Given two binary trees original and cloned and given a reference to a node target in the original tree.

The cloned tree is a copy of the original tree.

Return a reference to the same node in the cloned tree.

Note that you are not allowed to change any of the two trees or the target node and the answer must be a reference to a node in the cloned tree.

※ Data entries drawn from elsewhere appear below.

lemma signed_perm_matrix_mult_transpose:
  fixes P :: "'a::ring_1^'n^'n"
  assumes "signed_perm_matrix P"
  shows "P ** transpose P = mat 1"
proof -
  obtain p s where p: "bij p" "\<forall>i. s i = 1 \<or> s i = -1"
      "\<forall>i j. P $ i $ j = (if j = p i then s i else 0)"
    using assms unfolding signed_perm_matrix_def by blast
  have "s i * s i = 1" for i using p(2) by (metis mult_1 mult_minus1 minus_minus)
  with p(1) show ?thesis
    by (auto simp: vec_eq_iff mat_def signed_perm_matrix_mult_nth[OF p(3)] transpose_def p(3)
        bij_is_inj inj_eq)
qed

lemma signed_perm_matrix_transpose_mult:
  fixes P :: "'a::ring_1^'n^'n"
  assumes "signed_perm_matrix P"
  shows "transpose P ** P = mat 1"
  using signed_perm_matrix_mult_transpose[OF signed_perm_matrix_transpose[OF assms]] by simp

lemma det_signed_perm_matrix:
  fixes P :: "'a::idom^'n^'n"
  assumes "signed_perm_matrix P"
  shows "det P = 1 \<or> det P = -1"
proof -
  have "det P * det P = 1"
    using det_mul[of P "transpose P"] by (simp add: signed_perm_matrix_mult_transpose[OF assms])
  then show ?thesis by (simp add: square_eq_1_iff)
qed

lemma mat_equivalent_iff:
  fixes Z Z' :: "'a::comm_ring_1^'n^'n"
  shows "mat_equivalent Z Z' \<longleftrightarrow>
    (\<exists>p q s t. bij p \<and> bij q \<and> (\<forall>i. s i = 1 \<or> s i = -1) \<and> (\<forall>j. t j = 1 \<or> t j = -1) \<and>
       (\<forall>i j. Z' $ i $ j = s i * t j * Z $ p i $ q j))"
  (is "_ \<longleftrightarrow> ?reindexed")
proof
  assume "mat_equivalent Z Z'"
  then obtain P Q where PQ: "signed_perm_matrix P" "signed_perm_matrix Q" "Z' = P ** Z ** Q"
    unfolding mat_equivalent_def by blast
  obtain p s where p: "bij p" "\<forall>i. s i = 1 \<or> s i = -1"
      "\<forall>i j. P $ i $ j = (if j = p i then s i else 0)"
    using PQ(1) unfolding signed_perm_matrix_def by blast
  obtain q t where q: "bij q" "\<forall>i. t i = 1 \<or> t i = -1"
      "\<forall>i j. Q $ i $ j = (if j = q i then t i else 0)"
    using PQ(2) unfolding signed_perm_matrix_def by blast
  have "Z' $ i $ j = s i * t (inv q j) * Z $ p i $ inv q j" for i j
    by (simp add: PQ(3) matrix_mult_signed_perm_nth[OF q(1,3)] signed_perm_matrix_mult_nth[OF p(3)])
  with p(1,2) q(2) bij_imp_bij_inv[OF q(1)] show ?reindexed
    by (intro exI[of _ p] exI[of _ "inv q"] exI[of _ s] exI[of _ "t \<circ> inv q"]) simp
next
  assume ?reindexed
  then obtain p q s t where p: "bij p" "\<forall>i. s i = 1 \<or> s i = -1"
    and q: "bij q" "\<forall>j. t j = 1 \<or> t j = -1"
    and Z': "\<forall>i j. Z' $ i $ j = s i * t j * Z $ p i $ q j"
    by blast
  define P :: "'a^'n^'n" where "P = (\<chi> i k. if k = p i then s i else 0)"
  define Q :: "'a^'n^'n" where "Q = (\<chi> k j. if j = inv q k then t (inv q k) else 0)"
  have P: "\<forall>i k. P $ i $ k = (if k = p i then s i else 0)" by (simp add: P_def)
  have Q: "\<forall>k j. Q $ k $ j = (if j = inv q k then t (inv q k) else 0)" by (simp add: Q_def)
  have "signed_perm_matrix P"
    unfolding signed_perm_matrix_def using p P by blast
  moreover have "signed_perm_matrix Q"
    unfolding signed_perm_matrix_def using q(2) Q bij_imp_bij_inv[OF q(1)]
    by (intro exI[of _ "inv q"] exI[of _ "\<lambda>k. t (inv q k)"]) simp
  moreover have "Z' = P ** Z ** Q"
  proof -
    have "(P ** Z ** Q) $ i $ j = s i * Z $ p i $ q j * t j" for i j
      using matrix_mult_signed_perm_nth[OF bij_imp_bij_inv[OF q(1)] Q, of "P ** Z" i j]
      by (simp add: inv_inv_eq[OF q(1)] bij_is_inj[OF q(1)] signed_perm_matrix_mult_nth[OF P])
    then show ?thesis by (simp add: vec_eq_iff Z' mult_ac)
  qed
  ultimately show "mat_equivalent Z Z'"
    unfolding mat_equivalent_def by blast
qed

Follow up: Solve the problem if repeated values on the tree are allowed.

Example 1:

Input: tree = [7,4,3,null,null,6,19], target = 3
Output: 3
Explanation: In all examples the original and cloned trees are shown. The target node is a green node from the original tree. The answer is the yellow node from the cloned tree.

Example 2:

Input: tree = [7], target =  7
Output: 7

Example 3:

Input: tree = [8,null,6,null,5,null,4,null,3,null,2,null,1], target = 4
Output: 4

Example 4:

Input: tree = [1,2,3,4,5,6,7,8,9,10], target = 5
Output: 5

Example 5:

Input: tree = [1,2,null,3], target = 2
Output: 2

Constraints:

The number of nodes in the tree is in the range [1, 10^4].
The values of the nodes of the tree are unique.
target node is a node from the original tree and is not null.

Solution

Time complexity : O(n)
Space complexity : O(h)

/**
 * Definition for a binary tree node.
 * struct TreeNode {
 *     int val;
 *     TreeNode *left;
 *     TreeNode *right;
 *     TreeNode(int x) : val(x), left(NULL), right(NULL) {}
 * };
 */

class Solution {
public:
    TreeNode* getTargetCopy(TreeNode* original, TreeNode* cloned, TreeNode* target) {
        if (original == target) return cloned;
        
        if (!original) return nullptr;
        if (TreeNode* left = getTargetCopy(original->left, cloned->left, target))
            return left;
        return getTargetCopy(original->right, cloned->right, target);
    }
};

使用DFS，兩邊同時移動，origin 找到的同時，clone 端即是所求。